Что тут скажешь – закон есть закон.

Все вышли на тюремный двор. Местные бедняги-заключенные обступили судью и кричали наперебой: «Доктор! Доктор!» Они, видимо, обращались к нему с какими-то прошениями. Он пробился сквозь толпу, едва не лопаясь от собственной важности, так ни разу не остановившись и никому не ответив. Эти господа вышли из тюрьмы и растаяли как дым.

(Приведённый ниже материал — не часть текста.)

lemma convex_width_le_dist:
  fixes Om :: "'a::euclidean_space set"
  assumes "convex Om" "u \<in> Om" "w \<notin> Om"
  shows "\<exists>e. norm e = 1 \<and> (\<forall>z\<in>closure Om. e \<bullet> (z - u) \<le> dist u w)"
proof -
  obtain a \<beta> where a: "a \<noteq> 0" "\<forall>x\<in>Om. a \<bullet> x \<le> \<beta>" "\<beta> \<le> a \<bullet> w"
    using separating_hyperplane_sets[of Om "{w}"] assms by auto
  define e where "e = a /\<^sub>R norm a"
  have "e \<bullet> (z - u) \<le> dist u w" if z: "z \<in> closure Om" for z
  proof -
    have "closure Om \<subseteq> {x. a \<bullet> x \<le> \<beta>}"
      using a(2) by (intro closure_minimal) (auto simp: closed_halfspace_le)
    then have "a \<bullet> z \<le> a \<bullet> w" using z a(3) by auto
    then have "e \<bullet> (z - u) \<le> e \<bullet> (w - u)"
      using a(1) by (simp add: e_def inner_diff_right divide_right_mono)
    also have "\<dots> \<le> norm e * norm (w - u)" by (rule norm_cauchy_schwarz)
    finally show ?thesis using a(1) by (simp add: e_def dist_norm norm_minus_commute)
  qed
  moreover have "norm e = 1" using a(1) by (simp add: e_def)
  ultimately show ?thesis by blast
qed

text \<open>The outer measure of a non-measurable set is \<open>0\<close> by convention, so a strictly positive
  density forces the subgradient image to be measurable.\<close>
lemma alexandrov_MA_subdiff_image:
  fixes \<phi> V :: "real^2 \<Rightarrow> real"
  assumes MA: "alexandrov_MA \<phi> V Om" and Om: "open Om" "Om \<noteq> {}"
    and V: "V \<in> borel_measurable borel" "\<forall>x\<in>Om. 0 < V x"
  shows "(\<Union>x\<in>Om. subdiff \<phi> Om x) \<in> sets lebesgue"
    and "emeasure lebesgue (\<Union>x\<in>Om. subdiff \<phi> Om x) = (\<integral>\<^sup>+x\<in>Om. ennreal (V x) \<partial>lebesgue)"
proof -
  show eq: "emeasure lebesgue (\<Union>x\<in>Om. subdiff \<phi> Om x) = (\<integral>\<^sup>+x\<in>Om. ennreal (V x) \<partial>lebesgue)"
    using MA Om(1) by (simp add: alexandrov_MA_def borel_open)
  show "(\<Union>x\<in>Om. subdiff \<phi> Om x) \<in> sets lebesgue"
  proof (rule ccontr)
    have [measurable]: "Om \<in> sets borel" using Om(1) by simp
    have "(\<lambda>x. ennreal (V x) * indicator Om x) \<in> borel_measurable borel"
      using V(1) by measurable
    then have meas: "(\<lambda>x. ennreal (V x) * indicator Om x) \<in> borel_measurable lebesgue"
      by (metis measurable_completion measurable_lborel2)
    assume "(\<Union>x\<in>Om. subdiff \<phi> Om x) \<notin> sets lebesgue"
    then have "(\<integral>\<^sup>+x. ennreal (V x) * indicator Om x \<partial>lebesgue) = 0"
      using eq by (simp add: emeasure_notin_sets)
    then have "AE x in lebesgue. ennreal (V x) * indicator Om x = 0"
      using meas by (simp add: nn_integral_0_iff_AE)
    then have "AE x \<in> Om in lebesgue. x \<in> {}"
      by eventually_elim (use V(2) in \<open>auto simp: indicator_def\<close>)
    then show False using mem_closed_if_AE_lebesgue_open[OF Om(1) closed_empty] Om(2) by blast
  qed
qed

В час дня прибыл грузовик. В нем под охраной привезли наших друзей. Они слезли с машины, придерживая чемоданы, и выглядели совершенно подавленными. Мы вошли в тюрьму вместе с ними.

– Мы совершили непоправимую ошибку, Папийон, и вас втравили в это гнусное дело, – сказал бретонец. – О нас говорить нечего. Если хочешь убить меня – прикончи сразу. Я и пальцем не пошевелю. Мы не мужчины, а тюфяки. Испугались моря. Достаточно было взглянуть на эту Колумбию и колумбийцев, чтобы все морские опасности показались пустой забавой по сравнению с тем, что может нас ждать в лапах этих ублюдков. Они прихватили вас из-за ветра?

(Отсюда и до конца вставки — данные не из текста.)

(* Let $N\ge2$, let $\mathcal{A}=(a_{i_1\cdots i_N})\in\mathbb{C}^{d_1\times\cdots\times d_N}$, and for each $l\in\{1,\dots,N\}$ let $\mathbf{U}^{(l)}=(u^{(l)}_{i_l'i_l})\in\mathbb{C}^{d_l'\times d_l}$. Let $\mathcal{B}=\mathcal{A}\times_1\mathbf{U}^{(1)}\times_2\cdots\times_N\mathbf{U}^{(N)}\in\mathbb{C}^{d_1'\times\cdots\times d_N'}$. Then for every $k\in\{1,\dots,N-1\}$, $n\in\{1,\dots,k\}$, $m\in\{1,\dots,N-k\}$ and all sequences $R=(r_1,\dots,r_k)$, $C=(c_1,\dots,c_{N-k})$ of distinct integers with $\{r_1,\dots,r_k\}\cup\{c_1,\dots,c_{N-k}\}=\{1,\dots,N\}$, $$\mathbf{B}_{(R,n;C,m)}=\big(\mathbf{U}^{(r_{n+1})}\otimes\cdots\otimes\mathbf{U}^{(r_k)}\otimes\mathbf{U}^{(r_1)}\otimes\cdots\otimes\mathbf{U}^{(r_n)}\big)\,\mathbf{A}_{(R,n;C,m)}\,\big(\mathbf{U}^{(c_{m+1})}\otimes\cdots\otimes\mathbf{U}^{(c_{N-k})}\otimes\mathbf{U}^{(c_1)}\otimes\cdots\otimes\mathbf{U}^{(c_m)}\big)^{\rm T},$$ where $\mathbf{A}_{(R,n;C,m)}$ and $\mathbf{B}_{(R,n;C,m)}$ are the mixed $(R,n;C,m)$-mode matrix unfoldings of $\mathcal{A}$ and $\mathcal{B}$ and $\otimes$ is the Kronecker product.
   Context: The $k$-mode product of $\mathcal{A}\in\mathbb{C}^{d_1\times\cdots\times d_N}$ with $\mathbf{U}=(u_{i_k'i_k})\in\mathbb{C}^{d_k'\times d_k}$ is the tensor $\mathcal{A}\times_k\mathbf{U}$ of size $d_1\times\cdots\times d_{k-1}\times d_k'\times d_{k+1}\times\cdots\times d_N$ with entries $\sum_{i_k=1}^{d_k}a_{i_1\cdots i_k\cdots i_N}u_{i_k'i_k}$. Index map: for positive integers $D_1,\dots,D_k$, $n\in\{1,\dots,k\}$, $j_s\in\{1,\dots,D_s\}$, $$\iota_n^{(D_1,\dots,D_k)}(j_1,\dots,j_k)=\Big(\prod_{s=1}^{n}D_s\Big)\sum_{s'=n+1}^{k}\Big((j_{s'}-1)\prod_{s''=s'+1}^{k}D_{s''}\Big)+\sum_{s'=1}^{n}\Big((j_{s'}-1)\prod_{s''=s'+1}^{n}D_{s''}\Big)+1$$ (empty products $1$, empty sums $0$). Mixed mode matrix unfolding: for $\mathcal{X}=(x_{i_1\cdots i_N})\in\mathbb{C}^{D_1\times\cdots\times D_N}$ and $R,C,n,m$ as in the claim, $\mathbf{X}_{(R,n;C,m)}\in\mathbb{C}^{(D_{r_1}\cdots D_{r_k})\times(D_{c_1}\cdots D_{c_{N-k}})}$ has entry $x_{i_1\cdots i_N}$ in row $\iota_n^{(D_{r_1},\dots,D_{r_k})}(i_{r_1},\dots,i_{r_k})$ and column $\iota_m^{(D_{c_1},\dots,D_{c_{N-k}})}(i_{c_1},\dots,i_{c_{N-k}})$. *)

theory Defs
  imports Complex_Main "Jordan_Normal_Form.Matrix"
begin

(* Conventions: tensors are functions from index lists (1-based indices, list position l
   corresponds to mode l+1) to complex numbers, together with a dimension list.
   Matrices are Jordan_Normal_Form matrices (0-based); the paper's 1-based entry (p,q)
   is the JNF entry (p-1,q-1). Mode numbers in R, C are 1-based as in the paper. *)

definition iota :: "nat \<Rightarrow> nat list \<Rightarrow> nat list \<Rightarrow> nat" where
  "iota n D j =
     (\<Prod>s<n. D ! s) *
       (\<Sum>s'\<in>{n..<length D}. (j ! s' - 1) * (\<Prod>s''\<in>{Suc s'..<length D}. D ! s''))
     + (\<Sum>s'<n. (j ! s' - 1) * (\<Prod>s''\<in>{Suc s'..<n}. D ! s'')) + 1"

– Да, бретонец. Но у меня нет намерения кого-либо убивать. Мы все были не правы. Я сам смалодушничал и не отказался высадить вас на берег. Иначе ничего бы не случилось.

– Ты великодушен ко мне, Папийон.

– Нет. Я говорю честно, вот и все.

Я рассказал им про допрос.

– В конце концов, может, губернатор нас отпустит.

– Вряд ли. И все-таки будем надеяться. Как говорят, надежда помогает выжить.

Как я полагал, властям этой полуцивилизованной дыры нелегко было решить наш вопрос. Только где-то выше могли распорядиться, оставить ли нас в Колумбии, выдать Франции либо отправить в нашей лодке еще дальше. Будет крайне несправедливо, если эти люди примут наихудшее решение, поскольку мы не причинили им никакого вреда, не совершили ни одного преступления в их стране.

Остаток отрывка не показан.